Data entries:
+===+

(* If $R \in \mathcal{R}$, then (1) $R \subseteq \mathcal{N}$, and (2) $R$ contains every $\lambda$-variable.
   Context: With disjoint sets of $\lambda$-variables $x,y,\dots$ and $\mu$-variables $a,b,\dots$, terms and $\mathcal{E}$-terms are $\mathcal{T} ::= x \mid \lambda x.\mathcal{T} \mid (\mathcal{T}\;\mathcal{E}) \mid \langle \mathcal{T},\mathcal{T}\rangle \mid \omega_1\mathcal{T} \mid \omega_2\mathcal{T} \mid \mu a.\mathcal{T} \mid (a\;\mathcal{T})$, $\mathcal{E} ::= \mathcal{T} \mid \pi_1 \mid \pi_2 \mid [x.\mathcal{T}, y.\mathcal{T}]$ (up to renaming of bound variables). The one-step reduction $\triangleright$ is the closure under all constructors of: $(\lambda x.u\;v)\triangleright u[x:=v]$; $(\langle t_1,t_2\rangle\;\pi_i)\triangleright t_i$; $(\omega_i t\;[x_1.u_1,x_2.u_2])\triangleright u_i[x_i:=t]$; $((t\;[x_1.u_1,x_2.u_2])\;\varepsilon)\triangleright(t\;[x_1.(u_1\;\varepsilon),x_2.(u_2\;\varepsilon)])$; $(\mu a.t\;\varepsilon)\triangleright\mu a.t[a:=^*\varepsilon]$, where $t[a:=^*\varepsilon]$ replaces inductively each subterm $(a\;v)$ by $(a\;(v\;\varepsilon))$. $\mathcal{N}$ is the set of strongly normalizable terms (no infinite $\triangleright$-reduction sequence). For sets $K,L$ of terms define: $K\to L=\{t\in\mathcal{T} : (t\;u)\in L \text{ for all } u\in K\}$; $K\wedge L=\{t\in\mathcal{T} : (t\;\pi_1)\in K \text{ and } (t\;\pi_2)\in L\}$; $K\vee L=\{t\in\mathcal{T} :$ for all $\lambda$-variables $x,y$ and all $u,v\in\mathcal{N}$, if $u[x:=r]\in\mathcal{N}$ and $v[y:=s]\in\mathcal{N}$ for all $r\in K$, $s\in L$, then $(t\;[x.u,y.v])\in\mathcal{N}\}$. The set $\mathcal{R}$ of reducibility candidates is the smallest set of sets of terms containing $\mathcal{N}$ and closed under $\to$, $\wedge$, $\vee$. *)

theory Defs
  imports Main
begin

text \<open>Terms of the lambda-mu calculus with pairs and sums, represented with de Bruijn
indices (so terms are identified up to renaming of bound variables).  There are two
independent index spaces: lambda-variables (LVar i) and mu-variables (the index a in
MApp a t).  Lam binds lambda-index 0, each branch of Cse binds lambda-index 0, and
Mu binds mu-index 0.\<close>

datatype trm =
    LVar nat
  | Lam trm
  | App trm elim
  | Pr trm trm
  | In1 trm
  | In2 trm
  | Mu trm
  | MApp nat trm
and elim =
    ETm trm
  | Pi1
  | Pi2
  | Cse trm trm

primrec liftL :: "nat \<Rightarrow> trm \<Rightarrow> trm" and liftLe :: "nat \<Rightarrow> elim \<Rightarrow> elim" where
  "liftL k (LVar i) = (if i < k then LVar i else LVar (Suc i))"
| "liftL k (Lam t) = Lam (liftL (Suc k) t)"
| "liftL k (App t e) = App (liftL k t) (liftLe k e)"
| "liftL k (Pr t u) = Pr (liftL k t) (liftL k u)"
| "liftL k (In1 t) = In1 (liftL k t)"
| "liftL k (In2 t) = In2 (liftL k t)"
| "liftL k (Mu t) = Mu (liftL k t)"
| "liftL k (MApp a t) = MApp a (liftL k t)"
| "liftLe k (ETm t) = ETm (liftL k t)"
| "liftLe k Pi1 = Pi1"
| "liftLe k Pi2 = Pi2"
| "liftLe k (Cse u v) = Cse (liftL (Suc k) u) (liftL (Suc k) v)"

+===+

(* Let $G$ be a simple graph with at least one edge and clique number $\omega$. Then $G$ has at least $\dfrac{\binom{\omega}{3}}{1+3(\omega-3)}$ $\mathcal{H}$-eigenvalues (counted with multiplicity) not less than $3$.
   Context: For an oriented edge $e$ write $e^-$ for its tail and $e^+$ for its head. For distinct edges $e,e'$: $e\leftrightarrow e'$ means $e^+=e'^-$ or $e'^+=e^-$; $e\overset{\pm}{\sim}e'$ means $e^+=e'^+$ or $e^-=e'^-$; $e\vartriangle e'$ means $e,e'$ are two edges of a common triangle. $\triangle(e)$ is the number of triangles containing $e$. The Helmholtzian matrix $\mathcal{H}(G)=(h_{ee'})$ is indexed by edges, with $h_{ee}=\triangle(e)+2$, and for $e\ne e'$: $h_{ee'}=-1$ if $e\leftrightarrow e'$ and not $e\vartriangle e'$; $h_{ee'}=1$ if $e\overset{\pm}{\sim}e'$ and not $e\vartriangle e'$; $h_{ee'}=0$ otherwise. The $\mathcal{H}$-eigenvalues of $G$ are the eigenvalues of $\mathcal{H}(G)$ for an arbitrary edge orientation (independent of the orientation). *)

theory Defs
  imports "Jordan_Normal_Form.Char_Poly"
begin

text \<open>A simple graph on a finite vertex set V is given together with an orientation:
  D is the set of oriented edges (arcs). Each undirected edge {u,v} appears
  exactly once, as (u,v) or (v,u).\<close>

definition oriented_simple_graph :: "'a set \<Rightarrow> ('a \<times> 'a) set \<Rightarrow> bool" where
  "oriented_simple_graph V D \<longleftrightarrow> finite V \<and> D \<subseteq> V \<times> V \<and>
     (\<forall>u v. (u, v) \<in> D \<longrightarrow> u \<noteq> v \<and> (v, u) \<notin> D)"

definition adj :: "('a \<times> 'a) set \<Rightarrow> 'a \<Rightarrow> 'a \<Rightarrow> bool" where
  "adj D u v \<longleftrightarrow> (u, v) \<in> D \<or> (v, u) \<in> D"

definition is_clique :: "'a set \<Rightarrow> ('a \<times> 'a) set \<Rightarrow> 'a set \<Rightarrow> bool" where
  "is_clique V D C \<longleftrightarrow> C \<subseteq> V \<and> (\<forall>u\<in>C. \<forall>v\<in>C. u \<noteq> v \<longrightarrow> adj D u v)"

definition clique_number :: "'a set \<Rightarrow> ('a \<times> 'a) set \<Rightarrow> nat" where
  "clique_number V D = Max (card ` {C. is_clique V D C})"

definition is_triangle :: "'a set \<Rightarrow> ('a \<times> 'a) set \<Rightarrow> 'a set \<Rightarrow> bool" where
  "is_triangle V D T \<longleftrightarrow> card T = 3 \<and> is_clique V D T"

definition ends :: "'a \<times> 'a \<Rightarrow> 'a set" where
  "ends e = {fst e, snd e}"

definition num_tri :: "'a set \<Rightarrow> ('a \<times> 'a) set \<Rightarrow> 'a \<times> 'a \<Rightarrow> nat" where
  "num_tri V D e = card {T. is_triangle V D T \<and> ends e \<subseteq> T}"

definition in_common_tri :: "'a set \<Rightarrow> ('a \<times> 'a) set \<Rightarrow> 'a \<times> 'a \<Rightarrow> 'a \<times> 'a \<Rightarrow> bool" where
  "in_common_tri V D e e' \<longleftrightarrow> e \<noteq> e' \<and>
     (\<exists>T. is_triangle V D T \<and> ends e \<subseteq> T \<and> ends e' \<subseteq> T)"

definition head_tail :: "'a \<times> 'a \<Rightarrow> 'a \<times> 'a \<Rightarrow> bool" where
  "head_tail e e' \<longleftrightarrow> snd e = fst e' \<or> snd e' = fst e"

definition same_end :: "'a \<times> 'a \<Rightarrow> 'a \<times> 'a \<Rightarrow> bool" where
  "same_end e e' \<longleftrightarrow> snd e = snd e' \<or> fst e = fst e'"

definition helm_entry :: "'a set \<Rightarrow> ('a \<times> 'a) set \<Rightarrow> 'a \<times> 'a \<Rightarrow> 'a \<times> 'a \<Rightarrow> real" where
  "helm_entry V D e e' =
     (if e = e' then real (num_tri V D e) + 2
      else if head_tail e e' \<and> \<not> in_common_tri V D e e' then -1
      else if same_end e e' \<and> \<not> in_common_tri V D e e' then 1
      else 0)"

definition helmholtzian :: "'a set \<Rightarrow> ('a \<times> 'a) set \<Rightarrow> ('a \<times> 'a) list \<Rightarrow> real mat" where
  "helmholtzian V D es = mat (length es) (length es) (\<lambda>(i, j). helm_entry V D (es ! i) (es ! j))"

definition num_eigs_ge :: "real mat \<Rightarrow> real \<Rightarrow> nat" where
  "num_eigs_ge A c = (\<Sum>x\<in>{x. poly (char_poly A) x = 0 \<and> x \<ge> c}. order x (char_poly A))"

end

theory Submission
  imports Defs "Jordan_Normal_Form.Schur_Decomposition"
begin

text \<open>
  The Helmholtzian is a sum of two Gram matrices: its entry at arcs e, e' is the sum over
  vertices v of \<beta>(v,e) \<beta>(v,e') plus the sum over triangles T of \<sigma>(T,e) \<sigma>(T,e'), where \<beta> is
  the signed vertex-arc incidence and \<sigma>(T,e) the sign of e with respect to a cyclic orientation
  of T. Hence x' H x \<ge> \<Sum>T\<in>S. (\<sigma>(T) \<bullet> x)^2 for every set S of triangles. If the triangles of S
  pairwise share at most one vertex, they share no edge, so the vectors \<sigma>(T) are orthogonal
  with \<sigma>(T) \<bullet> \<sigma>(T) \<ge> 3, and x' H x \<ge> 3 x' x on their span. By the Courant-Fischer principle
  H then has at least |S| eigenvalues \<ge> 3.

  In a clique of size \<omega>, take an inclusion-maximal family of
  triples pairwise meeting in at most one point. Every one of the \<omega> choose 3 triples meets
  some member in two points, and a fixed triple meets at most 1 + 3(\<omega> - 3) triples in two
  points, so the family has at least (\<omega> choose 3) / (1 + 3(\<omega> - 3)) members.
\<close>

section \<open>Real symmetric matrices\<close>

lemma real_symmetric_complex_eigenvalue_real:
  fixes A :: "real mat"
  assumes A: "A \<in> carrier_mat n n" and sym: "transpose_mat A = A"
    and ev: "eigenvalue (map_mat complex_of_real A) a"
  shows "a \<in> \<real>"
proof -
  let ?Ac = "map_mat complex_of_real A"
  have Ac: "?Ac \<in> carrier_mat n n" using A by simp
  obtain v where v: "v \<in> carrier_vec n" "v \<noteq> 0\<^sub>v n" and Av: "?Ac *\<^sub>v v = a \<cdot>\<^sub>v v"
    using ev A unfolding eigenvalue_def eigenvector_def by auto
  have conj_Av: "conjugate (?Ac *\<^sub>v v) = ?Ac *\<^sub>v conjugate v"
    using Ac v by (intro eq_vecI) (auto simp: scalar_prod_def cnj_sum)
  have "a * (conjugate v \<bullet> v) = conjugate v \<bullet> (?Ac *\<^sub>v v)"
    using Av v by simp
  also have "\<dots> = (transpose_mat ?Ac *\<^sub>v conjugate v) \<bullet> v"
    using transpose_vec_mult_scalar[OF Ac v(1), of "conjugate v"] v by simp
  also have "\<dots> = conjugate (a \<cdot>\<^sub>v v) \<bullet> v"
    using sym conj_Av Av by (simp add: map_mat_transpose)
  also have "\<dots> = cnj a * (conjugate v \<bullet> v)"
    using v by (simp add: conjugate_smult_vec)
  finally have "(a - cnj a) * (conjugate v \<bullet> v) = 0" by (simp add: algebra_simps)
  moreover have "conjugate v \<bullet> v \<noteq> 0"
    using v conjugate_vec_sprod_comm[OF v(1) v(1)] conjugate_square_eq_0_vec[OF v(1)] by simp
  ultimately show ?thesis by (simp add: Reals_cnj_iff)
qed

+===+

Return exactly the lines above from the line that has "imports Main" through the line that has "Lam (liftL (Suc", inclusive, and nothing else.

  imports Main
begin

text \<open>Terms of the lambda-mu calculus with pairs and sums, represented with de Bruijn
indices (so terms are identified up to renaming of bound variables).  There are two
independent index spaces: lambda-variables (LVar i) and mu-variables (the index a in
MApp a t).  Lam binds lambda-index 0, each branch of Cse binds lambda-index 0, and
Mu binds mu-index 0.\<close>

datatype trm =
    LVar nat
  | Lam trm
  | App trm elim
  | Pr trm trm
  | In1 trm
  | In2 trm
  | Mu trm
  | MApp nat trm
and elim =
    ETm trm
  | Pi1
  | Pi2
  | Cse trm trm

primrec liftL :: "nat \<Rightarrow> trm \<Rightarrow> trm" and liftLe :: "nat \<Rightarrow> elim \<Rightarrow> elim" where
  "liftL k (LVar i) = (if i < k then LVar i else LVar (Suc i))"
| "liftL k (Lam t) = Lam (liftL (Suc k) t)"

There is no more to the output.